Collected data

──────────────────────────────

(* Let $m\ge 2$ and let $W$ be a channel from $\{1,\dots,m\}$ to $\{1,2\}$. Then \[ \underline{C}_{10}(W)=C(W)\quad\text{and}\quad \overline{C}_{10}(W)=C\left(\begin{pmatrix}1&0\\ \underline{P}_W(1)&1-\underline{P}_W(1)\end{pmatrix}\right). \]
   Context: A channel from a finite set $\mathcal{A}$ to a finite set $\mathcal{B}$ is a row-stochastic matrix $(W_{a,b})$. For a probability distribution $\mu$ on the input set, $I(\mu,W)=\sum_x\mu_x D(W_{x,*}\|\mu W)$ (Kullback–Leibler divergence, base-2 logarithm), and $C(W)=\max_\mu I(\mu,W)$. Let $\mathcal{X}=\{1,\dots,m\}$, $\mathcal{Y}=\{1,\dots,n\}$ (here $n=2$). A deterministic channel is a 0-1 channel, identified with a map $D:\mathcal{X}\to\mathcal{Y}$; $\mathcal{D}$ is the set of all of them and $\mathrm{rank}(D)$ is the matrix rank. $\Lambda(W)=\{\lambda\text{ probability distribution on }\mathcal{D}: W=\sum_D\lambda_DD\}$. For $\lambda\in\Lambda(W)$, $C_{10}(\lambda)=\max_{\mu} I(\mu,V^\lambda)$, where $\mu$ ranges over probability distributions on the set $\mathcal{X}^{\mathcal{D}}$ of maps $u:\mathcal{D}\to\mathcal{X}$, and $V^\lambda$ is the channel from $\mathcal{X}^{\mathcal{D}}$ to $\mathcal{Y}$ with $V^\lambda_{u,y}=\sum_D\lambda_D D_{u(D),y}$. $\underline{C}_{10}(W)=\inf_{\lambda\in\Lambda(W)}C_{10}(\lambda)$, $\overline{C}_{10}(W)=\sup_{\lambda\in\Lambda(W)}C_{10}(\lambda)$. $\underline{P}_W(1)=\min_{\lambda\in\Lambda(W)}\lambda(\{D:\mathrm{rank}(D)=1\})$. *)

theory Defs
  imports "HOL-Analysis.Analysis" "Jordan_Normal_Form.DL_Rank"
begin

(* Alphabets: X = {0..<m}, Y = {0..<n} (0-based rendering of {1..m}, {1..n}). *)

definition prob_dist :: "'a set \<Rightarrow> ('a \<Rightarrow> real) \<Rightarrow> bool" where
  "prob_dist A p \<longleftrightarrow> (\<forall>x\<in>A. 0 \<le> p x) \<and> sum p A = 1"

definition is_channel :: "'a set \<Rightarrow> 'b set \<Rightarrow> ('a \<Rightarrow> 'b \<Rightarrow> real) \<Rightarrow> bool" where
  "is_channel A B W \<longleftrightarrow> (\<forall>a\<in>A. prob_dist B (W a))"

definition out_dist :: "'a set \<Rightarrow> ('a \<Rightarrow> real) \<Rightarrow> ('a \<Rightarrow> 'b \<Rightarrow> real) \<Rightarrow> 'b \<Rightarrow> real" where
  "out_dist A \<mu> W b = (\<Sum>x\<in>A. \<mu> x * W x b)"

definition KL :: "'b set \<Rightarrow> ('b \<Rightarrow> real) \<Rightarrow> ('b \<Rightarrow> real) \<Rightarrow> real" where
  "KL B p q = (\<Sum>b\<in>B. if p b = 0 then 0 else p b * log 2 (p b / q b))"

definition mutual_info :: "'a set \<Rightarrow> 'b set \<Rightarrow> ('a \<Rightarrow> real) \<Rightarrow> ('a \<Rightarrow> 'b \<Rightarrow> real) \<Rightarrow> real" where
  "mutual_info A B \<mu> W = (\<Sum>x\<in>A. if \<mu> x = 0 then 0 else \<mu> x * KL B (W x) (out_dist A \<mu> W))"

definition capacity :: "'a set \<Rightarrow> 'b set \<Rightarrow> ('a \<Rightarrow> 'b \<Rightarrow> real) \<Rightarrow> real" where
  "capacity A B W = Sup {mutual_info A B \<mu> W | \<mu>. prob_dist A \<mu>}"

(* deterministic channels = maps D : X -> Y (extensional) *)
definition det_maps :: "nat \<Rightarrow> nat \<Rightarrow> (nat \<Rightarrow> nat) set" where
  "det_maps m n = PiE {0..<m} (\<lambda>_. {0..<n})"

definition det_entry :: "(nat \<Rightarrow> nat) \<Rightarrow> nat \<Rightarrow> nat \<Rightarrow> real" where
  "det_entry D x y = (if D x = y then 1 else 0)"

definition det_matrix :: "nat \<Rightarrow> nat \<Rightarrow> (nat \<Rightarrow> nat) \<Rightarrow> real mat" where
  "det_matrix m n D = mat m n (\<lambda>(x, y). det_entry D x y)"

definition det_rank :: "nat \<Rightarrow> nat \<Rightarrow> (nat \<Rightarrow> nat) \<Rightarrow> nat" where
  "det_rank m n D = vec_space.rank m (det_matrix m n D)"

definition Lambda :: "nat \<Rightarrow> nat \<Rightarrow> (nat \<Rightarrow> nat \<Rightarrow> real) \<Rightarrow> ((nat \<Rightarrow> nat) \<Rightarrow> real) set" where
  "Lambda m n W = {lam. prob_dist (det_maps m n) lam \<and>
      (\<forall>x\<in>{0..<m}. \<forall>y\<in>{0..<n}. W x y = (\<Sum>D\<in>det_maps m n. lam D * det_entry D x y))}"

definition strategies :: "nat \<Rightarrow> nat \<Rightarrow> ((nat \<Rightarrow> nat) \<Rightarrow> nat) set" where
  "strategies m n = PiE (det_maps m n) (\<lambda>_. {0..<m})"

definition V_chan :: "nat \<Rightarrow> nat \<Rightarrow> ((nat \<Rightarrow> nat) \<Rightarrow> real) \<Rightarrow> ((nat \<Rightarrow> nat) \<Rightarrow> nat) \<Rightarrow> nat \<Rightarrow> real" where
  "V_chan m n lam u y = (\<Sum>D\<in>det_maps m n. lam D * det_entry D (u D) y)"

definition C10 :: "nat \<Rightarrow> nat \<Rightarrow> ((nat \<Rightarrow> nat) \<Rightarrow> real) \<Rightarrow> real" where
  "C10 m n lam = capacity (strategies m n) {0..<n} (V_chan m n lam)"

definition lower_C10 :: "nat \<Rightarrow> nat \<Rightarrow> (nat \<Rightarrow> nat \<Rightarrow> real) \<Rightarrow> real" where
  "lower_C10 m n W = Inf (C10 m n ` Lambda m n W)"

definition upper_C10 :: "nat \<Rightarrow> nat \<Rightarrow> (nat \<Rightarrow> nat \<Rightarrow> real) \<Rightarrow> real" where
  "upper_C10 m n W = Sup (C10 m n ` Lambda m n W)"

definition lower_P1 :: "nat \<Rightarrow> nat \<Rightarrow> (nat \<Rightarrow> nat \<Rightarrow> real) \<Rightarrow> real" where
  "lower_P1 m n W = Inf ((\<lambda>lam. \<Sum>D\<in>{D\<in>det_maps m n. det_rank m n D = 1}. lam D) ` Lambda m n W)"

definition Z_chan :: "real \<Rightarrow> nat \<Rightarrow> nat \<Rightarrow> real" where
  "Z_chan p x y = (if x = 0 then (if y = 0 then 1 else 0) else (if y = 0 then p else 1 - p))"

end

theory Submission
  imports Defs "HOL-Real_Asymp.Real_Asymp"
begin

──────────────────────────────

**YOUR ASSIGNMENT**
Return only this span, exactly: the line that contains "W = Sup (C10" and all lines after it to the end of the records.

**ANSWER TO THE PROBLEM**
  "upper_C10 m n W = Sup (C10 m n ` Lambda m n W)"

definition lower_P1 :: "nat \<Rightarrow> nat \<Rightarrow> (nat \<Rightarrow> nat \<Rightarrow> real) \<Rightarrow> real" where
  "lower_P1 m n W = Inf ((\<lambda>lam. \<Sum>D\<in>{D\<in>det_maps m n. det_rank m n D = 1}. lam D) ` Lambda m n W)"

definition Z_chan :: "real \<Rightarrow> nat \<Rightarrow> nat \<Rightarrow> real" where
  "Z_chan p x y = (if x = 0 then (if y = 0 then 1 else 0) else (if y = 0 then p else 1 - p))"

end

theory Submission
  imports Defs "HOL-Real_Asymp.Real_Asymp"
begin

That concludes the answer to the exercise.